Requirement: What you return must be the lines of the data that hold the word "locale".

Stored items
definition generating_set ::
  "('f::field \<Rightarrow> 'v::ab_group_add \<Rightarrow> 'v) \<Rightarrow> ('v \<Rightarrow> 'v \<Rightarrow> 'v) \<Rightarrow> 'v \<Rightarrow> 'v set \<Rightarrow> bool" where
  "generating_set scale mult one S \<longleftrightarrow>
     finite S \<and> module.span scale {w. \<exists>k. (k, w) \<in> words mult one S} = UNIV"

text \<open>Characteristic sequence: each k \<ge> 1 occurs exactly dim L_k - dim L_(k-1) times and
  m_0 = 0, the sequence being non-decreasing; equivalently m_h is the least k with
  h < dim L_k (for h < n).\<close>

definition char_seq ::
  "('f::field \<Rightarrow> 'v::ab_group_add \<Rightarrow> 'v) \<Rightarrow> ('v \<Rightarrow> 'v \<Rightarrow> 'v) \<Rightarrow> 'v \<Rightarrow> 'v set \<Rightarrow> nat \<Rightarrow> nat" where
  "char_seq scale mult one S h =
     (LEAST k. h < vector_space.dim scale (Lspace scale mult one S k))"

end

theory Submission
  imports Defs
begin

text \<open>Write L_k for the span of the words of length at most k. Since
  L_p L_q \<subseteq> L_{p+q} and the unit is the only word of length 0, a jump
  L_{k+1} \<subset> L_{k+2} of the filtration forces jumps at steps i+1 and j+1 with
  i + j = k: a new word of length k+2 is a product of two words of positive length, neither
  of which may drop to the previous step. In terms of the characteristic sequence this says
  that every term m_h > 1 is a sum m_i + m_j of two earlier terms. Everything else is
  combinatorics of such sequences: by induction m_h \<le> 2^(h-1), with equality only if
  m_c = 2^(c-1) for all c \<le> h, and a term m_h > 2^(h-2) must be m_(h-1) + m_c; a short
  case analysis on the inductively known forms of m_(h-1) and m_(h-2) then yields the
  binary shape 2^(h-2) + 2^q.\<close>

lemma two_pow_less_add_two_pow_imp_eq:
  fixes q r s :: nat
  assumes "q \<le> s" "r \<le> s" "2 ^ s < 2 ^ q + (2::nat) ^ r"
  shows "q = s \<or> r = s"
proof (rule ccontr)
  assume "\<not> (q = s \<or> r = s)"
  then obtain s' where s: "s = Suc s'" "q \<le> s'" "r \<le> s'"
    using assms(1,2) by (cases s) auto
  then have "(2::nat) ^ q \<le> 2 ^ s'" "(2::nat) ^ r \<le> 2 ^ s'"
    by (simp_all add: power_increasing)
  moreover have "(2::nat) ^ s = 2 ^ s' + 2 ^ s'"
    using s(1) by simp
  ultimately show False
    using assms(3) by linarith
qed

locale sum_generated_seq =
  fixes m :: "nat \<Rightarrow> nat" and N :: nat
  assumes small_or_sum_of_earlier: "1 \<le> h \<Longrightarrow> h < N \<Longrightarrow>
    m h \<le> 1 \<or> (\<exists>i j. 1 \<le> i \<and> i < h \<and> 1 \<le> j \<and> j < h \<and> m h = m i + m j)"
begin

text \<open>Terms are mostly indexed as m (Suc (Suc k)), i.e. h = k + 2, so that the exponents
  h - 2 and h - 1 become k and Suc k without truncated subtraction.\<close>

lemma le_two_pow: "1 \<le> i \<Longrightarrow> i < N \<Longrightarrow> m i \<le> 2 ^ (i - 1)"
proof (induction i rule: less_induct)
  case (less h)
  consider "m h \<le> 1"
    | i j where "1 \<le> i" "i < h" "1 \<le> j" "j < h" "m h = m i + m j"
    using small_or_sum_of_earlier less.prems by blast
  then show ?case
  proof cases
    case 1
    then show ?thesis by (simp add: order_trans)
  next
    case 2
    have bound: "m i \<le> 2 ^ (h - 2)" if "1 \<le> i" "i < h" for i
    proof -
      have "m i \<le> 2 ^ (i - 1)"
        using less.IH less.prems that by simp
      also have "\<dots> \<le> 2 ^ (h - 2)"
        using that by (simp add: power_increasing)
      finally show ?thesis .
    qed
    from 2 have "h - 1 = Suc (h - 2)" by simp
    then have "(2::nat) ^ (h - 1) = 2 ^ (h - 2) + 2 ^ (h - 2)"
      by simp
    with 2 bound[of i] bound[of j] show ?thesis by linarith
  qed
qed

lemma le_two_pow_of_le:
  assumes "1 \<le> i" "i \<le> Suc k" "Suc k < N"
  shows "m i \<le> 2 ^ k"
proof -
  have "m i \<le> 2 ^ (i - 1)"
    using assms by (intro le_two_pow) simp_all
  also have "\<dots> \<le> 2 ^ k"
    using assms(2) by (simp add: power_increasing)
  finally show ?thesis .
qed

lemma two_pow_predecessor:
  assumes "Suc (Suc k) < N" and top: "m (Suc (Suc k)) = 2 ^ Suc k"
  shows "m (Suc k) = 2 ^ k"
proof -
  have "(0::nat) < 2 ^ k"
    by simp
  then have "\<not> m (Suc (Suc k)) \<le> 1"
    using top by (simp only: power_Suc)
  then obtain i j where ij: "1 \<le> i" "i < Suc (Suc k)" "1 \<le> j" "j < Suc (Suc k)"
    and sum: "m (Suc (Suc k)) = m i + m j"
    using small_or_sum_of_earlier[of "Suc (Suc k)"] assms(1) by auto
  have "m i \<le> 2 ^ k" "m j \<le> 2 ^ k"
    using ij assms(1) by (simp_all add: le_two_pow_of_le)
  then have "m i = 2 ^ k"
    using top sum by simp
  moreover have "m i \<le> 2 ^ (i - 1)"
    using ij assms(1) by (intro le_two_pow) simp_all
  ultimately have "k \<le> i - 1"
    by simp
  then have "i = Suc k"
    using ij by simp
  with \<open>m i = 2 ^ k\<close> show ?thesis by simp
qed

lemma two_pow_downward:
  "Suc k < N \<Longrightarrow> m (Suc k) = 2 ^ k \<Longrightarrow> c \<le> k \<Longrightarrow> m (Suc c) = 2 ^ c"
proof (induction k)
  case (Suc k)
  then show ?case
    using two_pow_predecessor[of k] by (cases "c = Suc k") simp_all
qed simp

lemma large_term_sum_with_predecessor:
  assumes "Suc (Suc k) < N" and large: "2 ^ k < m (Suc (Suc k))"
  shows "\<exists>c \<le> k. m (Suc (Suc k)) = m (Suc k) + m (Suc c)"
proof -
  have "\<not> m (Suc (Suc k)) \<le> 1"
    using large by (metis le_trans not_le one_le_power one_le_numeral)
  then obtain i j where ij: "1 \<le> i" "i < Suc (Suc k)" "1 \<le> j" "j < Suc (Suc k)"
    and sum: "m (Suc (Suc k)) = m i + m j"
    using small_or_sum_of_earlier[of "Suc (Suc k)"] assms(1) by auto
  have "i = Suc k \<or> j = Suc k"
  proof (rule ccontr)
    assume "\<not> (i = Suc k \<or> j = Suc k)"
    then obtain k' where k: "k = Suc k'" and "i \<le> Suc k'" "j \<le> Suc k'"
      using ij by (cases k) auto
    then have "m i \<le> 2 ^ k'" "m j \<le> 2 ^ k'"
      using ij assms(1) by (simp_all add: le_two_pow_of_le)
    then show False
      using large sum k by simp
  qed
  then show ?thesis
  proof
    assume "i = Suc k"
    then show ?thesis
      using ij sum by (intro exI[of _ "j - 1"]) simp
  next
    assume "j = Suc k"
    then show ?thesis
      using ij sum by (intro exI[of _ "i - 1"]) simp
  qed
qed

lemma large_term_two_pow_add_two_pow:
  "Suc (Suc k) < N \<Longrightarrow> 2 ^ k < m (Suc (Suc k)) \<Longrightarrow> \<exists>q \<le> k. m (Suc (Suc k)) = 2 ^ k + 2 ^ q"
proof (induction k rule: less_induct)
  case (less k)
  obtain c where "c \<le> k" and split: "m (Suc (Suc k)) = m (Suc k) + m (Suc c)"
    using large_term_sum_with_predecessor less.prems by blast
  have "m (Suc k) \<le> 2 ^ k"
    using le_two_pow_of_le less.prems(1) by simp
  then consider (top) "m (Suc k) = 2 ^ k" | (below) "m (Suc k) < 2 ^ k"
    by linarith
  then show ?case
  proof cases
    case top
    then have "m (Suc c) = 2 ^ c"
      using two_pow_downward[of k c] \<open>c \<le> k\<close> less.prems(1) by simp
    then show ?thesis
      using split top \<open>c \<le> k\<close> by auto
  next
    case below
    have "k \<noteq> 0"
    proof
      assume "k = 0"
      then show False
        using below split \<open>c \<le> k\<close> less.prems(2) by simp
    qed
    then obtain k' where k: "k = Suc k'"
      by (cases k) auto
    have "2 ^ k' < m (Suc k)"
    proof (cases "c = k")
      case True
      then show ?thesis
        using split less.prems(2) k by simp
    next
      case False
      then have "m (Suc c) \<le> 2 ^ k'"
        using le_two_pow_of_le \<open>c \<le> k\<close> k less.prems(1) by simp
      then show ?thesis
        using split less.prems(2) k by simp
    qed
    then obtain q where "q \<le> k'" and q: "m (Suc k) = 2 ^ k' + 2 ^ q"
      using less.IH[of k'] k less.prems(1) by auto
    have "q < k'"
      using below q k \<open>q \<le> k'\<close> by (cases "q = k'") simp_all
    show ?thesis
    proof (cases "c = k")
      case True
      then show ?thesis
        using split q k \<open>q < k'\<close> by (intro exI[of _ "Suc q"]) simp
    next
      case False
      with \<open>c \<le> k\<close> k have "c \<le> k'"
        by simp
      obtain k'' where k': "k' = Suc k''"
        using \<open>q < k'\<close> by (cases k') auto
      have two_pow_q: "(2::nat) ^ q \<le> 2 ^ k''"
        using \<open>q < k'\<close> k' by (simp add: power_increasing)
      have two_pow_k: "(2::nat) ^ k = 4 * 2 ^ k''" "(2::nat) ^ k' = 2 * 2 ^ k''"
        using k k' by simp_all
      have "c = k'"
      proof (rule ccontr)
        assume "c \<noteq> k'"
        then have "m (Suc c) \<le> 2 ^ k''"
          using le_two_pow_of_le \<open>c \<le> k'\<close> k k' less.prems(1) by simp
        then show False
          using split q two_pow_q two_pow_k less.prems(2) by linarith
      qed
      with split q have split': "m (Suc (Suc k)) = 2 ^ k' + 2 ^ q + m (Suc k')"
        by simp
      then have "2 ^ k'' < m (Suc k')"
        using two_pow_q two_pow_k less.prems(2) by linarith
      then obtain r where "r \<le> k''" and r: "m (Suc k') = 2 ^ k'' + 2 ^ r"
        using less.IH[of k''] k k' less.prems(1) by auto
      have "2 ^ k'' < 2 ^ q + (2::nat) ^ r"
        using split' r two_pow_k less.prems(2) by linarith
      then have "q = k'' \<or> r = k''"
        using two_pow_less_add_two_pow_imp_eq \<open>q < k'\<close> \<open>r \<le> k''\<close> k' by simp
      then show ?thesis
      proof
        assume "q = k''"
        then show ?thesis
          using split' r \<open>r \<le> k''\<close> two_pow_k k k' by (intro exI[of _ r]) simp
      next
        assume "r = k''"
        then show ?thesis
          using split' r \<open>q < k'\<close> two_pow_k k by (intro exI[of _ q]) simp
      qed
    qed
  qed
qed

end

lemma (in vector_space) bilinear_mem_span:
  assumes left: "\<And>y. Vector_Spaces.linear scale scale (\<lambda>x. f x y)"
    and right: "\<And>x. Vector_Spaces.linear scale scale (f x)"
    and "x \<in> span A" "y \<in> span B"
    and products: "\<And>a b. a \<in> A \<Longrightarrow> b \<in> B \<Longrightarrow> f a b \<in> span C"
  shows "f x y \<in> span C"
proof -
  have "f a y \<in> span C" if "a \<in> A" for a
  proof -
    have "f a y \<in> f a ` span B"
      using \<open>y \<in> span B\<close> by blast
    also have "\<dots> = span (f a ` B)"
      using module_hom.span_image[of scale scale "f a" B] right by (simp add: module_hom_iff_linear)
    also have "\<dots> \<subseteq> span C"
      using products that by (intro span_minimal) auto
    finally show ?thesis .
  qed
  then have "span ((\<lambda>x. f x y) ` A) \<subseteq> span C"
    by (intro span_minimal) auto
  moreover have "f x y \<in> span ((\<lambda>x. f x y) ` A)"
    using module_hom.span_image[of scale scale "\<lambda>x. f x y" A] left \<open>x \<in> span A\<close>
    by (simp add: module_hom_iff_linear)
  ultimately show ?thesis
    by blast
qed

locale generated_unital_algebra = finite_dimensional_vector_space scale Basis
  for scale :: "'f::field \<Rightarrow> 'v::ab_group_add \<Rightarrow> 'v" and Basis :: "'v set" +
  fixes mult :: "'v \<Rightarrow> 'v \<Rightarrow> 'v" and one :: 'v and S :: "'v set"
  assumes mult_add_left: "mult (x + y) z = mult x z + mult y z"
    and mult_add_right: "mult x (y + z) = mult x y + mult x z"
    and mult_scale_left: "mult (scale c x) y = scale c (mult x y)"
    and mult_scale_right: "mult x (scale c y) = scale c (mult x y)"
    and mult_one_left: "mult one x = x"
    and mult_one_right: "mult x one = x"
    and nontrivial: "one \<noteq> 0"
    and span_words: "span {w. \<exists>k. (k, w) \<in> words mult one S} = UNIV"
begin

Response to the task:
locale sum_generated_seq =
locale generated_unital_algebra = finite_dimensional_vector_space scale Basis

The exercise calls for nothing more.